**MATERIAL TO PROCESS:**
(* Let $(X,d)$ be a metric space and let $F$ be a semiflow on $X$ with strong compact dynamics, with strong global attractor $\mathcal G$. If $x\in\mathcal G$, $y\in X$ and $x\succcurlyeq_{\mathcal S} y$, then $y\in\mathcal G$.
   Context: A semiflow on a metric space $(X,d)$ is a continuous map $F:[0,\infty)\times X\to X$, $(t,x)\mapsto F^t(x)$, with $F^0=\mathrm{id}$ and $F^{t+s}=F^t\circ F^s$. A curve is piecewise continuous if it is continuous except at finitely many points, at which one-sided limits exist. For $T\ge1$, a piecewise continuous curve $\gamma:[0,T]\to X$ is $\varepsilon$-close to $F$ if $d(\gamma(t+\tau),F^\tau(\gamma(t)))<\varepsilon$ for every $\tau\in[0,1]$ and $t\in[0,T-\tau]$. An $\varepsilon$-chain from $x$ to $y$ is a piecewise continuous $\gamma:[0,T]\to X$, $T\ge 1$, with $\gamma(0)=x$, $\gamma(T)=y$, $\gamma$ $\varepsilon$-close to $F$. Write $x\succcurlyeq_{\mathcal S} y$ if for every $\varepsilon>0$ there is an $\varepsilon$-chain from $x$ to $y$. For $G\subset X$, $N_\varepsilon(G)=\{y: d(y,G)<\varepsilon\}$ and $W_\varepsilon(G)=\bigcup_{t\ge0}F^t(N_\varepsilon(G))$. A set $G$ attracts $K$ if for every $\varepsilon>0$ there is $T>0$ with $F^t(K)\subset N_\varepsilon(G)$ for all $t\ge T$. The global attractor $\mathcal G$ of $F$, if it exists, is a maximal invariant compact subset of $X$ attracting every compact $K\subset X$. It is strong if there is $\varepsilon>0$ such that $\mathcal G$ attracts $N_\varepsilon(\mathcal G)$ and the map $(t,z)\mapsto F^t(z)$ is uniformly continuous on $[0,1]\times W_\varepsilon(\mathcal G)$. $F$ has strong compact dynamics if it has a strong global attractor. *)

theory Defs
  imports "HOL-Analysis.Analysis"
begin

text \<open>The metric space X is the whole carrier of a type of class metric_space;
  a semiflow is F :: real => 'a => 'a, where only times t >= 0 matter.\<close>

definition semiflow :: "(real \<Rightarrow> 'a::metric_space \<Rightarrow> 'a) \<Rightarrow> bool" where
  "semiflow F \<longleftrightarrow>
     continuous_on ({0..} \<times> UNIV) (\<lambda>(t, x). F t x) \<and>
     F 0 = id \<and>
     (\<forall>t s. t \<ge> 0 \<longrightarrow> s \<ge> 0 \<longrightarrow> F (t + s) = F t \<circ> F s)"

definition piecewise_cont :: "real \<Rightarrow> (real \<Rightarrow> 'a::metric_space) \<Rightarrow> bool" where
  "piecewise_cont T \<gamma> \<longleftrightarrow>
     (\<exists>S. finite S \<and>
        (\<forall>t\<in>{0..T} - S. continuous (at t within {0..T}) \<gamma>) \<and>
        (\<forall>t\<in>S \<inter> {0..T}. (0 < t \<longrightarrow> (\<exists>l. (\<gamma> \<longlongrightarrow> l) (at_left t))) \<and>
                       (t < T \<longrightarrow> (\<exists>l. (\<gamma> \<longlongrightarrow> l) (at_right t)))))"

definition eps_close :: "(real \<Rightarrow> 'a::metric_space \<Rightarrow> 'a) \<Rightarrow> real \<Rightarrow> real \<Rightarrow> (real \<Rightarrow> 'a) \<Rightarrow> bool" where
  "eps_close F \<epsilon> T \<gamma> \<longleftrightarrow>
     (\<forall>\<tau>\<in>{0..1}. \<forall>t\<in>{0..T - \<tau>}. dist (\<gamma> (t + \<tau>)) (F \<tau> (\<gamma> t)) < \<epsilon>)"

definition eps_chain :: "(real \<Rightarrow> 'a::metric_space \<Rightarrow> 'a) \<Rightarrow> real \<Rightarrow> real \<Rightarrow> (real \<Rightarrow> 'a) \<Rightarrow> 'a \<Rightarrow> 'a \<Rightarrow> bool" where
  "eps_chain F \<epsilon> T \<gamma> x y \<longleftrightarrow>
     T \<ge> 1 \<and> piecewise_cont T \<gamma> \<and> \<gamma> 0 = x \<and> \<gamma> T = y \<and> eps_close F \<epsilon> T \<gamma>"

definition chain_succ :: "(real \<Rightarrow> 'a::metric_space \<Rightarrow> 'a) \<Rightarrow> 'a \<Rightarrow> 'a \<Rightarrow> bool" where
  "chain_succ F x y \<longleftrightarrow> (\<forall>\<epsilon>>0. \<exists>T \<gamma>. eps_chain F \<epsilon> T \<gamma> x y)"

definition nbhd :: "real \<Rightarrow> 'a::metric_space set \<Rightarrow> 'a set" where
  "nbhd \<epsilon> G = {y. \<exists>g\<in>G. dist y g < \<epsilon>}"

definition W_set :: "(real \<Rightarrow> 'a::metric_space \<Rightarrow> 'a) \<Rightarrow> real \<Rightarrow> 'a set \<Rightarrow> 'a set" where
  "W_set F \<epsilon> G = (\<Union>t\<in>{0..}. F t ` nbhd \<epsilon> G)"

definition attracts :: "(real \<Rightarrow> 'a::metric_space \<Rightarrow> 'a) \<Rightarrow> 'a set \<Rightarrow> 'a set \<Rightarrow> bool" where
  "attracts F G K \<longleftrightarrow> (\<forall>\<epsilon>>0. \<exists>T>0. \<forall>t\<ge>T. F t ` K \<subseteq> nbhd \<epsilon> G)"

definition invariant :: "(real \<Rightarrow> 'a \<Rightarrow> 'a) \<Rightarrow> 'a set \<Rightarrow> bool" where
  "invariant F A \<longleftrightarrow> (\<forall>t\<ge>0. F t ` A = A)"

definition global_attractor :: "(real \<Rightarrow> 'a::metric_space \<Rightarrow> 'a) \<Rightarrow> 'a set \<Rightarrow> bool" where
  "global_attractor F G \<longleftrightarrow>
     compact G \<and> invariant F G \<and>
     (\<forall>A. compact A \<and> invariant F A \<longrightarrow> A \<subseteq> G) \<and>
     (\<forall>K. compact K \<longrightarrow> attracts F G K)"

definition strong_global_attractor :: "(real \<Rightarrow> 'a::metric_space \<Rightarrow> 'a) \<Rightarrow> 'a set \<Rightarrow> bool" where
  "strong_global_attractor F G \<longleftrightarrow>
     global_attractor F G \<and>
     (\<exists>\<epsilon>>0. attracts F G (nbhd \<epsilon> G) \<and>
        uniformly_continuous_on ({0..1} \<times> W_set F \<epsilon> G) (\<lambda>(t, z). F t z))"

end

(* Let W be the forward invariant set W_e(G) on which F is uniformly continuous for times in
   [0,1]. Iterating, the maps F t with t in [0,n] are uniformly equicontinuous on W; combined
   with the attraction of the e-neighbourhood this makes G Lyapunov stable, and it lets an
   \<epsilon>-close curve starting near G shadow the true orbit up to any fixed time n. Take n so
   large that orbits from the \<rho>-neighbourhood of G enter the \<rho>/2-neighbourhood by time n,
   and \<epsilon> so small that the shadowing error is below \<rho>/2. Then an \<epsilon>-chain starting in G
   is back in the \<rho>-neighbourhood at the times 0, n, 2n, ..., and in between never leaves
   the r-neighbourhood. So the end point y lies in every neighbourhood of G, i.e. in its
   closure, which is G as G is compact. *)

theory Submission
  imports Defs
begin

definition uniformly_equicontinuous_on ::
    "'t set \<Rightarrow> 'a::metric_space set \<Rightarrow> ('t \<Rightarrow> 'a \<Rightarrow> 'b::metric_space) \<Rightarrow> bool" where
  "uniformly_equicontinuous_on I W F \<longleftrightarrow>
     (\<forall>\<eta>>0. \<exists>\<delta>>0. \<forall>t\<in>I. \<forall>z\<in>W. \<forall>z'\<in>W. dist z z' < \<delta> \<longrightarrow> dist (F t z) (F t z') < \<eta>)"

lemma uniformly_equicontinuous_onD:
  assumes "uniformly_equicontinuous_on I W F" "0 < \<eta>"
  obtains \<delta> where "0 < \<delta>"
    "\<And>t z z'. t \<in> I \<Longrightarrow> z \<in> W \<Longrightarrow> z' \<in> W \<Longrightarrow> dist z z' < \<delta> \<Longrightarrow> dist (F t z) (F t z') < \<eta>"
  using assms unfolding uniformly_equicontinuous_on_def by metis

lemma uniformly_continuous_on_imp_uniformly_equicontinuous_on:
  fixes F :: "'t::metric_space \<Rightarrow> 'a::metric_space \<Rightarrow> 'b::metric_space"
  assumes "uniformly_continuous_on (I \<times> W) (\<lambda>(t, z). F t z)"
  shows "uniformly_equicontinuous_on I W F"
  unfolding uniformly_equicontinuous_on_def
proof (intro allI impI)
  fix \<eta> :: real assume "0 < \<eta>"
  then obtain \<delta> where "0 < \<delta>" and \<delta>: "\<forall>p\<in>I \<times> W. \<forall>p'\<in>I \<times> W. dist p' p < \<delta> \<longrightarrow>
      dist ((\<lambda>(t, z). F t z) p') ((\<lambda>(t, z). F t z) p) < \<eta>"
    using assms unfolding uniformly_continuous_on_def by metis
  have "dist (F t z) (F t z') < \<eta>" if "t \<in> I" "z \<in> W" "z' \<in> W" "dist z z' < \<delta>" for t z z'
    using \<delta>[rule_format, of "(t, z')" "(t, z)"] that by (simp add: dist_Pair_Pair)
  with \<open>0 < \<delta>\<close> show "\<exists>\<delta>>0. \<forall>t\<in>I. \<forall>z\<in>W. \<forall>z'\<in>W. dist z z' < \<delta> \<longrightarrow> dist (F t z) (F t z') < \<eta>"
    by blast
qed

lemma semiflow_zero: "semiflow F \<Longrightarrow> F 0 z = z"
  unfolding semiflow_def by simp

lemma semiflow_add: "semiflow F \<Longrightarrow> 0 \<le> t \<Longrightarrow> 0 \<le> s \<Longrightarrow> F (t + s) z = F t (F s z)"
  unfolding semiflow_def by simp

lemma uniformly_equicontinuous_on_semiflow_nat:
  assumes "semiflow F" and unit: "uniformly_equicontinuous_on {0..1} W F"
    and forward: "\<And>z. z \<in> W \<Longrightarrow> F 1 z \<in> W"
  shows "uniformly_equicontinuous_on {0..real n} W F"
proof (induction n)
  case 0
  then show ?case
    using \<open>semiflow F\<close> by (auto simp: uniformly_equicontinuous_on_def semiflow_zero)
next
  case (Suc k)
  show ?case
    unfolding uniformly_equicontinuous_on_def
  proof (intro allI impI)
    fix \<eta> :: real assume "0 < \<eta>"
    obtain \<delta>\<^sub>k where "0 < \<delta>\<^sub>k" and \<delta>\<^sub>k: "\<And>t z z'. t \<in> {0..real k} \<Longrightarrow> z \<in> W \<Longrightarrow> z' \<in> W \<Longrightarrow>
        dist z z' < \<delta>\<^sub>k \<Longrightarrow> dist (F t z) (F t z') < \<eta>"
      using uniformly_equicontinuous_onD[OF Suc.IH \<open>0 < \<eta>\<close>] by blast
    obtain \<delta>\<^sub>1 where "0 < \<delta>\<^sub>1" and \<delta>\<^sub>1: "\<And>t z z'. t \<in> {0..1} \<Longrightarrow> z \<in> W \<Longrightarrow> z' \<in> W \<Longrightarrow>
        dist z z' < \<delta>\<^sub>1 \<Longrightarrow> dist (F t z) (F t z') < min \<eta> \<delta>\<^sub>k"
      using uniformly_equicontinuous_onD[OF unit, of "min \<eta> \<delta>\<^sub>k"] \<open>0 < \<eta>\<close> \<open>0 < \<delta>\<^sub>k\<close> by auto
    have "dist (F t z) (F t z') < \<eta>"
      if "t \<in> {0..real (Suc k)}" "z \<in> W" "z' \<in> W" "dist z z' < \<delta>\<^sub>1" for t z z'
    proof (cases "t \<le> 1")
      case True
      then show ?thesis using \<delta>\<^sub>1[of t z z'] that by fastforce
    next
      case False
      have "dist (F (t - 1) (F 1 z)) (F (t - 1) (F 1 z')) < \<eta>"
        using \<delta>\<^sub>k \<delta>\<^sub>1[of 1 z z'] forward that False by fastforce
      then show ?thesis
        using semiflow_add[OF \<open>semiflow F\<close>, of "t - 1" 1] False by simp
    qed
    with \<open>0 < \<delta>\<^sub>1\<close> show "\<exists>\<delta>>0. \<forall>t\<in>{0..real (Suc k)}. \<forall>z\<in>W. \<forall>z'\<in>W.
        dist z z' < \<delta> \<longrightarrow> dist (F t z) (F t z') < \<eta>"
      by blast
  qed
qed

lemma nbhd_mono: "a \<le> b \<Longrightarrow> nbhd a G \<subseteq> nbhd b G"
  unfolding nbhd_def by force

lemma subset_nbhd: "0 < a \<Longrightarrow> G \<subseteq> nbhd a G"
  unfolding nbhd_def by force

lemma nbhd_triangle:
  assumes "z \<in> nbhd a G" "dist w z < b"
  shows "w \<in> nbhd (a + b) G"
proof -
  obtain g where "g \<in> G" "dist z g < a"
    using assms(1) unfolding nbhd_def by blast
  moreover have "dist w g \<le> dist w z + dist z g"
    by (rule dist_triangle)
  ultimately show ?thesis
    using assms(2) unfolding nbhd_def by force
qed

lemma nbhd_subset_W_set: "semiflow F \<Longrightarrow> nbhd e G \<subseteq> W_set F e G"
  unfolding W_set_def by (force simp: semiflow_zero)

lemma W_set_forward_invariant:
  assumes "semiflow F" "0 \<le> t" "z \<in> W_set F e G"
  shows "F t z \<in> W_set F e G"
proof -
  obtain s w where "0 \<le> s" "w \<in> nbhd e G" "z = F s w"
    using assms(3) unfolding W_set_def by auto
  moreover have "F t (F s w) = F (t + s) w"
    using semiflow_add[OF assms(1)] assms(2) \<open>0 \<le> s\<close> by simp
  ultimately show ?thesis
    using assms(2) unfolding W_set_def by (auto intro!: bexI[of _ "t + s"])
qed

lemma eps_close_mono: "eps_close F \<epsilon> T \<gamma> \<Longrightarrow> \<epsilon> \<le> \<epsilon>' \<Longrightarrow> eps_close F \<epsilon>' T \<gamma>"
  unfolding eps_close_def by force

lemma eps_closeD:
  "eps_close F \<epsilon> T \<gamma> \<Longrightarrow> \<tau> \<in> {0..1} \<Longrightarrow> 0 \<le> t \<Longrightarrow> t + \<tau> \<le> T \<Longrightarrow>
    dist (\<gamma> (t + \<tau>)) (F \<tau> (\<gamma> t)) < \<epsilon>"
  unfolding eps_close_def by simp

lemma eps_close_shift:
  assumes "eps_close F \<epsilon> T \<gamma>" "0 \<le> s"
  shows "eps_close F \<epsilon> (T - s) (\<lambda>t. \<gamma> (s + t))"
  unfolding eps_close_def
proof (intro ballI)
  fix \<tau> t assume "\<tau> \<in> {0..1::real}" "t \<in> {0..T - s - \<tau>}"
  then show "dist (\<gamma> (s + (t + \<tau>))) (F \<tau> (\<gamma> (s + t))) < \<epsilon>"
    using eps_closeD[OF assms(1), of \<tau> "s + t"] assms(2) by (simp add: add.assoc)
qed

**WHAT IS EXPECTED:**
Above are the entries. Quote exactly the lines from the one bearing "T \<gamma> x y \<longleftrightarrow>" through the one bearing "set \<Rightarrow> 'a set \<Rightarrow>".

**WRITTEN SOLUTION:**
  "eps_chain F \<epsilon> T \<gamma> x y \<longleftrightarrow>
     T \<ge> 1 \<and> piecewise_cont T \<gamma> \<and> \<gamma> 0 = x \<and> \<gamma> T = y \<and> eps_close F \<epsilon> T \<gamma>"

definition chain_succ :: "(real \<Rightarrow> 'a::metric_space \<Rightarrow> 'a) \<Rightarrow> 'a \<Rightarrow> 'a \<Rightarrow> bool" where
  "chain_succ F x y \<longleftrightarrow> (\<forall>\<epsilon>>0. \<exists>T \<gamma>. eps_chain F \<epsilon> T \<gamma> x y)"

definition nbhd :: "real \<Rightarrow> 'a::metric_space set \<Rightarrow> 'a set" where
  "nbhd \<epsilon> G = {y. \<exists>g\<in>G. dist y g < \<epsilon>}"

definition W_set :: "(real \<Rightarrow> 'a::metric_space \<Rightarrow> 'a) \<Rightarrow> real \<Rightarrow> 'a set \<Rightarrow> 'a set" where
  "W_set F \<epsilon> G = (\<Union>t\<in>{0..}. F t ` nbhd \<epsilon> G)"

definition attracts :: "(real \<Rightarrow> 'a::metric_space \<Rightarrow> 'a) \<Rightarrow> 'a set \<Rightarrow> 'a set \<Rightarrow> bool" where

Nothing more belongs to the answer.